周卫民没有正面回答,反而反问了一句:“赵主任,您这么关心河里的鱼干什么?难道想捞几条回去炖汤?”

赵德厚被他这句话噎得一滞,脸上笑意不减:“哈哈,周同志真会开玩笑。我就是好奇,随便问问。”

秦京茹在旁边听着,忍不住接了一句:“卫民哥,我也好奇呢!你昨晚去河边到底干了什么呀?我听巷口老王说,他看到你蹲在河边撒尿,然后就有一大群鱼跳起来,跟过年放炮仗似的!”

院子里的人顿时哈哈大笑。贾张氏更是损了一句:“这周卫民,人不大,尿劲儿倒是不小。”

周卫民摇了摇头,也懒得纠正,只是说:“巧合而已,别听人瞎传。我一个尿尿的功夫,还能把河给炸了不成?”

众人都笑,院子里气氛难得的轻松。

人群散去后,周卫民回到屋里,又拿出了那本功谱录。他翻到最后一页,看着那行“后世子孙若得此谱,当守此穴,勿令邪魔侵扰”的小字,陷入了沉思。

从昨晚的情况看,装功谱的木箱一直在水底的龙眼穴中镇压着什么东西。如今他把木箱捞了回来,镇穴之物被取走,水眼便失了镇守。虽然目前看不出有什么异常,但按照功谱录上的说法,龙眼穴一旦失守,恐怕迟早会出事。

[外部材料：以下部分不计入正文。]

(* Let $H:\overline{Q_T}\times\mathbb{R}\times\mathbb{R}^d\to\mathbb{R}$ be continuous, let $u_0:\mathbb{T}^d\to\mathbb{R}$, and let $u\in\mathcal{C}^1(\overline{Q_T})$. Then $u$ is a classical solution of the initial value problem $\partial_t^\alpha u+H(t,x,u,Du)=0$ in $Q_T$, $u(0,\cdot)=u_0$ on $\mathbb{T}^d$, if and only if $u$ is a viscosity solution of this initial value problem.
   Context: Fix $d\ge1$, $T>0$, $\alpha\in(0,1)$. $\mathbb{T}^d=\mathbb{R}^d/\mathbb{Z}^d$; functions on $[0,T]\times\mathbb{T}^d$ are identified with functions on $[0,T]\times\mathbb{R}^d$ that are $\mathbb{Z}^d$-periodic in $x$. $Q_T=(0,T]\times\mathbb{T}^d$, $\overline{Q_T}=[0,T]\times\mathbb{T}^d$; $D$ is the spatial gradient; $\partial_t^\alpha$ is Caputo's derivative $(\partial_t^\alpha f)(t)=\frac{1}{\Gamma(1-\alpha)}\int_0^t f'(s)(t-s)^{-\alpha}ds$. $\mathcal{C}^1([a,b]\times O)=\{\phi\in C^1((a,b]\times O)\cap C([a,b]\times O):\partial_t\phi(\cdot,x)\in L^1(a,b)\ \forall x\in O\}$ (not required to be differentiable at $t=a$). Classical solution: $u\in\mathcal{C}^1(\overline{Q_T})$ with $u(0,\cdot)=u_0$ and $(\partial_t^\alpha u)(t,x)+H(t,x,u(t,x),Du(t,x))=0$ for all $(t,x)\in Q_T$. For measurable $f(t,x)$, $t\in(0,T]$, $r\in[0,t]$: $J_r[f](t,x)=\frac{\alpha}{\Gamma(1-\alpha)}\int_0^r (f(t,x)-f(t-\tau,x))\tau^{-\alpha-1}d\tau$, $K_r[f](t,x)=\frac{f(t,x)-f(0,x)}{t^\alpha\Gamma(1-\alpha)}+\frac{\alpha}{\Gamma(1-\alpha)}\int_r^t (f(t,x)-f(t-\tau,x))\tau^{-\alpha-1}d\tau$ (lower limit $0$: improper integral). Viscosity sub/supersolution: $u\in USC(\overline{Q_T})$ (resp. $LSC$) such that for all $a<b$ in $[0,T]$, every open ball $B\subset\mathbb{R}^d$, every $\phi\in\mathcal{C}^1([0,T]\times\mathbb{R}^d)$ and every $(\hat t,\hat x)\in(a,b]\times B$ where $u-\phi$ attains its maximum (resp. minimum) over $[a,b]\times\overline B$: $J_{\hat t-a}[\phi](\hat t,\hat x)+K_{\hat t-a}[u](\hat t,\hat x)+H(\hat t,\hat x,u(\hat t,\hat x),D\phi(\hat t,\hat x))\le0$ (resp. $\ge0$). A viscosity solution is $u\in C(\overline{Q_T})$ that is both; it is a viscosity solution of the initial value problem if also $u(0,\cdot)=u_0$. *)

theory Defs
  imports "HOL-Analysis.Analysis"
begin

text \<open>Space variable x :: real^'d (d = CARD('d) \<ge> 1); functions on the torus are
  functions on real^'d that are periodic with respect to Z^d.\<close>

definition periodic_x :: "(real \<Rightarrow> real^'d \<Rightarrow> real) \<Rightarrow> bool" where
  "periodic_x u \<longleftrightarrow> (\<forall>t x i. u t (x + axis i 1) = u t x)"

definition periodic0 :: "(real^'d \<Rightarrow> real) \<Rightarrow> bool" where
  "periodic0 v \<longleftrightarrow> (\<forall>x i. v (x + axis i 1) = v x)"

definition Dx :: "(real \<Rightarrow> real^'d \<Rightarrow> real) \<Rightarrow> real \<Rightarrow> real^'d \<Rightarrow> real^'d" where
  "Dx f t x = (\<chi> i. deriv (\<lambda>h. f t (x + h *\<^sub>R axis i 1)) 0)"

他沉思了片刻,合上册子,低声自语:“看来得找个时间,把箱子放回去才行。”

“何雨柱!你把话说清楚!这三十块钱到底去哪儿了?”

“我说了多少次了,那钱是给东旭他娘买了药了!她腰疼的老毛病犯了,我拿钱给她抓的药!”

“放屁!你一个月的工钱才多少钱?你拿去给她买药,咱们家的米面油盐钱从哪里出?!”

周卫民皱了皱眉,西厢房住的是何雨柱两口子。何雨柱是轧钢厂的厨子,手艺好,人也老实,他媳妇叫白秀梅,是城南有名的能干女人。两口子平时和和气气的,难得吵一回架。

他刚走到西厢房门口,就看到何雨柱蹲在地上,双手抱头,一脸无奈,他媳妇白秀梅站在他面前,手里拿着一个空空的存折本,气得脸色通红。

“秀梅嫂子,怎么回事?”周卫民问。

白秀梅看到周卫民,气呼呼地说:“卫民,你说说,他一个月工资三十八块五,上个月他说厂里加班多发了点,怎么这个月一个子儿都拿不出来了?我问他钱去哪儿了,他说给贾张氏买药了!你说这叫什么事儿?东旭他娘腰疼,他倒比东旭还孝顺!”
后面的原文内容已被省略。